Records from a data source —
[Start of section]
lemma witness_no_earlier_nbr:
  assumes "witness i l" "j' < i"
  shows "\<not> EG l (layer j')"
proof
  assume nbr: "EG l (layer j')"
  obtain y where y: "y \<in> VH" "(l, y) \<notin> dominated_before i"
    using assms(1) unfolding witness_def by blast
  have "j' < length xs"
    using assms unfolding witness_def by simp
  then have "(l, y) \<in> N (xs ! j')"
    using mem_N_nth y(1) EG_sym[OF nbr] by blast
  with y(2) assms(2) show False
    unfolding dominated_before_def by blast
qed

lemma inner_if_first_near:
  assumes "j < length xs" "\<And>j'. j' < j \<Longrightarrow> \<not> EG (layer j) (layer j') \<and> layer j' \<noteq> layer j"
  shows "inner j"
proof -
  have "(layer j, hvert j) \<notin> N (xs ! j')" if "j' < j" for j'
    using assms that mem_N_nth[of j'] EG_sym by fastforce
  then have "(layer j, hvert j) \<notin> dominated_before j"
    unfolding dominated_before_def by blast
  with self_in_cnbh[OF nth_xs(2)[OF assms(1)]] assms(1) show ?thesis
    unfolding inner_def by blast
qed

lemma inner_0: "inner 0"
proof (rule inner_if_first_near)
  obtain g h where "g \<in> VG" "h \<in> VH"
    using VG_nonempty VH_nonempty by blast
  then have "xs \<noteq> []"
    using grundy cnbh_subset unfolding grundy_dom_seq_def lex_V_def by fastforce
  then show "0 < length xs"
    by simp
qed simp

definition Inner :: "nat set" where
  "Inner = {j. inner j}"

definition Outer :: "nat set" where
  "Outer = {j. j < length xs \<and> \<not> inner j}"

definition witness_layer :: "nat \<Rightarrow> 'g" where
  "witness_layer j = (SOME l. witness j l)"

definition witness_layers :: "'g set" where
  "witness_layers = witness_layer ` Outer"

definition inner_layers :: "'g set" where
  "inner_layers = layer ` Inner"

definition inner_at :: "'g \<Rightarrow> nat set" where
  "inner_at l = {j \<in> Inner. layer j = l}"

text \<open>Neither inner nor witness layers, yet numerous: this is what bounds the number of
  inner and witness layers.\<close>

definition inner_covered_layers :: "'g set" where
  "inner_covered_layers =
     {l \<in> VG. \<exists>j. inner j \<and> EG l (layer j) \<and> (\<forall>j'<j. \<not> EG l (layer j'))}"

lemma finite_Inner: "finite Inner"
  by (rule finite_subset[of _ "{..<length xs}"]) (auto simp: Inner_def inner_def)

lemma finite_inner_layers: "finite inner_layers"
  using finite_Inner unfolding inner_layers_def by simp

lemma inner_layers_nonempty: "inner_layers \<noteq> {}"
  using inner_0 unfolding inner_layers_def Inner_def by blast

lemma length_eq_card_Inner_Outer: "length xs = card Inner + card Outer"
proof -
  have "Inner \<union> Outer = {..<length xs}" "Inner \<inter> Outer = {}"
    unfolding Inner_def Outer_def inner_def by auto
  then show ?thesis
    using card_Un_disjoint[OF finite_Inner, of Outer] by (simp add: Outer_def)
qed

lemma witness_witness_layer:
  assumes "j \<in> Outer"
  shows "witness j (witness_layer j)"
proof -
  have "\<exists>l. witness j l"
    using assms inner_or_witness unfolding Outer_def by blast
  then show ?thesis
    unfolding witness_layer_def by (rule someI_ex)
qed

lemma witness_unique:
  assumes "witness i l" "witness i' l"
  shows "i = i'"
proof (rule ccontr)
  assume "i \<noteq> i'"
  with assms show False
    using witness_no_earlier_nbr[OF assms(1), of i'] witness_no_earlier_nbr[OF assms(2), of i] EG_sym
    unfolding witness_def by (metis linorder_neqE_nat)
qed

lemma card_witness_layers: "card witness_layers = card Outer"
  unfolding witness_layers_def
  by (rule card_image) (metis inj_onI witness_unique witness_witness_layer)

lemma inner_at_footprints:
  assumes "j \<in> inner_at l"
  shows "\<exists>y\<in>cnbh VH EH (hvert j). \<forall>j'\<in>inner_at l. j' < j \<longrightarrow> y \<notin> cnbh VH EH (hvert j')"
proof -
  obtain y where y: "y \<in> cnbh VH EH (hvert j)" "(l, y) \<notin> dominated_before j"
    using assms unfolding inner_at_def Inner_def inner_def by blast
  have "y \<notin> cnbh VH EH (hvert j')" if "j' \<in> inner_at l" "j' < j" for j'
  proof
    assume "y \<in> cnbh VH EH (hvert j')"
    moreover have "j' < length xs" "layer j' = l"
      using that unfolding inner_at_def Inner_def inner_def by auto
    ultimately have "(l, y) \<in> N (xs ! j')"
      using mem_N_nth cnbh_subset by fast
    with y(2) that(2) show False
      unfolding dominated_before_def by blast
  qed
  with y(1) show ?thesis
    by blast
qed

text \<open>The inner vertices of a witness layer precede the vertex witnessing it, so they cannot
  dominate the whole copy of \<open>H\<close> in that layer.\<close>

lemma card_inner_at_le: "card (inner_at l) \<le> gamma_gr VH EH"
  and card_inner_at_witness_less: "l \<in> witness_layers \<Longrightarrow> card (inner_at l) < gamma_gr VH EH"
proof -
  have fin: "finite (inner_at l)"
    using finite_Inner unfolding inner_at_def by simp
  have sub: "hvert ` inner_at l \<subseteq> VH"
    using nth_xs(2) unfolding inner_at_def Inner_def inner_def by blast
  note bound = card_sorted_family_le_gamma_gr[OF finite_VH fin sub inner_at_footprints]
  show le: "card (inner_at l) \<le> gamma_gr VH EH"
    using bound(1) .
  assume "l \<in> witness_layers"
  then obtain i where i: "i \<in> Outer" "witness i l"
    using witness_witness_layer unfolding witness_layers_def by blast
  then obtain y where y: "y \<in> VH" "(l, y) \<notin> dominated_before i"
    unfolding witness_def by blast
  show "card (inner_at l) < gamma_gr VH EH"
  proof (rule ccontr)
    assume "\<not> ?thesis"
    with le have "(\<Union>j\<in>inner_at l. cnbh VH EH (hvert j)) = VH"
      using bound(2) by simp
    with y(1) obtain j where j: "j \<in> inner_at l" "y \<in> cnbh VH EH (hvert j)"
      by blast
    then have "inner j" "layer j = l"
      unfolding inner_at_def Inner_def by auto
    moreover have "\<not> inner i"
      using i(1) unfolding Outer_def by simp
    ultimately have "j < i"
      using inner_no_earlier_nbr[of j i] i(2) EG_sym unfolding witness_def
      by (metis linorder_neqE_nat)
    moreover have "(l, y) \<in> N (xs ! j)"
      using mem_N_nth[of j] j(2) \<open>layer j = l\<close> \<open>inner j\<close> y(1) unfolding inner_def by simp
    ultimately show False
      using y(2) unfolding dominated_before_def by blast
  qed
qed

lemma length_le_inner_layers_witness_layers:
  "length xs \<le> gamma_gr VH EH * card inner_layers + card (witness_layers - inner_layers)"
proof -
  let ?k = "gamma_gr VH EH" and ?P = inner_layers and ?W = witness_layers
  have "Inner = (\<Union>l\<in>?P. inner_at l)"
    unfolding inner_layers_def inner_at_def by auto
  moreover have "card (\<Union>l\<in>?P. inner_at l) = (\<Sum>l\<in>?P. card (inner_at l))"
    using finite_inner_layers finite_Inner by (intro card_UN_disjoint) (auto simp: inner_at_def)
  ultimately have "card Inner = (\<Sum>l\<in>?P. card (inner_at l))"
    by simp
  moreover have "card (?P \<inter> ?W) = (\<Sum>l\<in>?P. if l \<in> ?W then 1 else 0)"
    using finite_inner_layers by (simp add: sum.If_cases)
  moreover have "(\<Sum>l\<in>?P. card (inner_at l) + (if l \<in> ?W then 1 else 0)) \<le> (\<Sum>l\<in>?P. ?k)"
    using card_inner_at_le card_inner_at_witness_less by (intro sum_mono) fastforce
  ultimately have "card Inner + card (?P \<inter> ?W) \<le> ?k * card ?P"
    by (simp add: sum.distrib mult.commute)
  moreover have "card ?W = card (?P \<inter> ?W) + card (?W - ?P)"
    using card_Int_Diff[of ?W ?P] finite_Inner
    by (simp add: witness_layers_def Outer_def Int_commute)
  ultimately show ?thesis
    using length_eq_card_Inner_Outer card_witness_layers by linarith
qed

lemma inner_covered_disjoint_witness: "inner_covered_layers \<inter> witness_layers = {}"
proof -
  have False if l: "l \<in> inner_covered_layers" and i: "i \<in> Outer" "witness i l" for l i
  proof -
    obtain j where j: "inner j" "EG l (layer j)" "\<forall>j'<j. \<not> EG l (layer j')"
      using l unfolding inner_covered_layers_def by blast
    have "\<not> i < j"
      using j(3) i(2) EG_sym unfolding witness_def by blast
    moreover have "\<not> j < i"
      using witness_no_earlier_nbr[OF i(2)] j(2) by blast
    moreover have "i \<noteq> j"
      using j(1) i(1) unfolding Outer_def by blast
    ultimately show False
      by simp
  qed
  then show ?thesis
    unfolding witness_layers_def using witness_witness_layer by blast
qed

lemma inner_covered_disjoint_inner: "inner_covered_layers \<inter> inner_layers = {}"
proof -
  have False if l: "l \<in> inner_covered_layers" and j1: "inner j1" "layer j1 = l" for l j1
  proof -
    obtain j where j: "inner j" "EG l (layer j)" "\<forall>j'<j. \<not> EG l (layer j')"
      using l unfolding inner_covered_layers_def by blast
    have "\<not> j < j1"
      using j(2) j1(2) inner_no_earlier_nbr[OF j1(1), of j] by blast
    moreover have "\<not> j1 < j"
      using j(2) j1(2) inner_no_earlier_nbr[OF j(1), of j1] EG_sym by blast
    moreover have "j \<noteq> j1"
      using j(2) j1(2) EG_irrefl by blast
    ultimately show False
      by simp
  qed
  then show ?thesis
    unfolding inner_layers_def Inner_def by blast
qed

lemma card_layer_classes:
  "card (witness_layers - inner_layers) + card inner_layers + card inner_covered_layers \<le> card VG"
proof -
  let ?P = inner_layers and ?W = witness_layers and ?X = inner_covered_layers
  have "?W \<subseteq> VG"
    using witness_witness_layer EG_in_VG unfolding witness_layers_def witness_def by blast
  moreover have "?P \<subseteq> VG"
    using nth_xs(1) unfolding inner_layers_def Inner_def inner_def by blast
  moreover have "?X \<subseteq> VG"
    unfolding inner_covered_layers_def by blast
  ultimately have sub: "(?W - ?P) \<union> ?P \<union> ?X \<subseteq> VG"
    by blast
  then have fin: "finite (?W - ?P)" "finite ?P" "finite ?X"
    using finite_subset[OF _ finite_VG] by blast+
  have "((?W - ?P) \<union> ?P) \<inter> ?X = {}"
    using inner_covered_disjoint_witness inner_covered_disjoint_inner by blast
  then have "card ((?W - ?P) \<union> ?P \<union> ?X) = card ((?W - ?P) \<union> ?P) + card ?X"
    using fin by (intro card_Un_disjoint) auto
  also have "card ((?W - ?P) \<union> ?P) = card (?W - ?P) + card ?P"
    using fin by (intro card_Un_disjoint) auto
  finally show ?thesis
    using card_mono[OF finite_VG sub] by simp
qed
[End of section]
What you should do — Once you find the line with "using witness_no_earlier_nbr[OF assms(1), of" in the entries above, output it and each line after it up to and including the line with "dominate the whole", and nothing else.

Response below —
    using witness_no_earlier_nbr[OF assms(1), of i'] witness_no_earlier_nbr[OF assms(2), of i] EG_sym
    unfolding witness_def by (metis linorder_neqE_nat)
qed

lemma card_witness_layers: "card witness_layers = card Outer"
  unfolding witness_layers_def
  by (rule card_image) (metis inj_onI witness_unique witness_witness_layer)

lemma inner_at_footprints:
  assumes "j \<in> inner_at l"
  shows "\<exists>y\<in>cnbh VH EH (hvert j). \<forall>j'\<in>inner_at l. j' < j \<longrightarrow> y \<notin> cnbh VH EH (hvert j')"
proof -
  obtain y where y: "y \<in> cnbh VH EH (hvert j)" "(l, y) \<notin> dominated_before j"
    using assms unfolding inner_at_def Inner_def inner_def by blast
  have "y \<notin> cnbh VH EH (hvert j')" if "j' \<in> inner_at l" "j' < j" for j'
  proof
    assume "y \<in> cnbh VH EH (hvert j')"
    moreover have "j' < length xs" "layer j' = l"
      using that unfolding inner_at_def Inner_def inner_def by auto
    ultimately have "(l, y) \<in> N (xs ! j')"
      using mem_N_nth cnbh_subset by fast
    with y(2) that(2) show False
      unfolding dominated_before_def by blast
  qed
  with y(1) show ?thesis
    by blast
qed

text \<open>The inner vertices of a witness layer precede the vertex witnessing it, so they cannot
  dominate the whole copy of \<open>H\<close> in that layer.\<close>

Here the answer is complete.